DIRECTIONS FOR THIS TASK: Return the lines beginning at the one that contains "theory Defs" and continuing to the end of the entries, including both ends, exactly as written and nothing else.

Saved data entries:
__________________________________________________
(* Let $N$ be a phylogenetic network on $X\subseteq[n]$ and let $i,j\in[n]$ be distinct. Then $(i,j)$ is reducible in $N$ (i.e. is a cherry or a reticulated-cherry of $N$) if and only if $(i,j)$ is reducible in $\boldsymbol\mu(N)$ (i.e. is a cherry or a reticulated-cherry of the multiset $\boldsymbol\mu(N)$).
   Context: A (binary) phylogenetic network on a finite set $X\subseteq[n]=\{1,\dots,n\}$ is a directed acyclic graph $N=(V,A)$ without parallel arcs in which every node is exactly one of: the root (indegree 0, outdegree 1; there is exactly one), a leaf (indegree 1, outdegree 0), a tree node (indegree 1, outdegree 2), or a reticulation (indegree 2, outdegree 1); the leaves are identified with the elements of $X$. $V_T(N)$ denotes the set of leaves and tree nodes, $V_H(N)$ the set of reticulations. $m(u,v)$ is the number of directed paths from $u$ to $v$ (trivial paths allowed). Extended $\mu$-vectors: $\mu_i(u)=m(u,i)$ for $i\in[n]$ (0 if $i\notin X$), $\mu_0(u)=\sum_{h\in V_H(N)} m(u,h)$, $\mu(u)=(\mu_0(u),\dots,\mu_n(u))$; $\boldsymbol\mu(N)$ is the multiset $\{\mu(u)\mid u\in V_T(N)\}$. $\delta_S$ is the 0/1 indicator vector of $S\subseteq\{0,\dots,n\}$ and $\delta_{j_1,\dots,j_k}=\delta_{\{j_1,\dots,j_k\}}$. For distinct leaves $i,j$ of $N$ with parents $p_i,p_j$, $(i,j)$ is a cherry of $N$ if $p_i=p_j$, and a reticulated-cherry of $N$ if $p_i$ is a reticulation, $p_j$ is a tree node and $p_j$ is a parent of $p_i$. For a finite multiset $\boldsymbol\mu$ of vectors of nonnegative integers indexed by $0,\dots,n$ and distinct $i,j\in[n]$, $(i,j)$ is a cherry of $\boldsymbol\mu$ if $\delta_{i,j}$ belongs to $\boldsymbol\mu$ with multiplicity exactly 1 and every element $\mu$ of $\boldsymbol\mu$ other than $\delta_i,\delta_j$ satisfies $\mu_i=\mu_j$; $(i,j)$ is a reticulated-cherry of $\boldsymbol\mu$ if $\delta_{0,i,j}$ belongs to $\boldsymbol\mu$ with multiplicity exactly 1 and every element $\mu$ of $\boldsymbol\mu$ other than $\delta_i,\delta_j$ satisfies $\mu_0\ge\mu_i\ge\mu_j$. *)

theory Defs
  imports Main "HOL-Library.Multiset"
begin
__________________________________________________
REPLY TO THE TASK:
theory Defs
  imports Main "HOL-Library.Multiset"
begin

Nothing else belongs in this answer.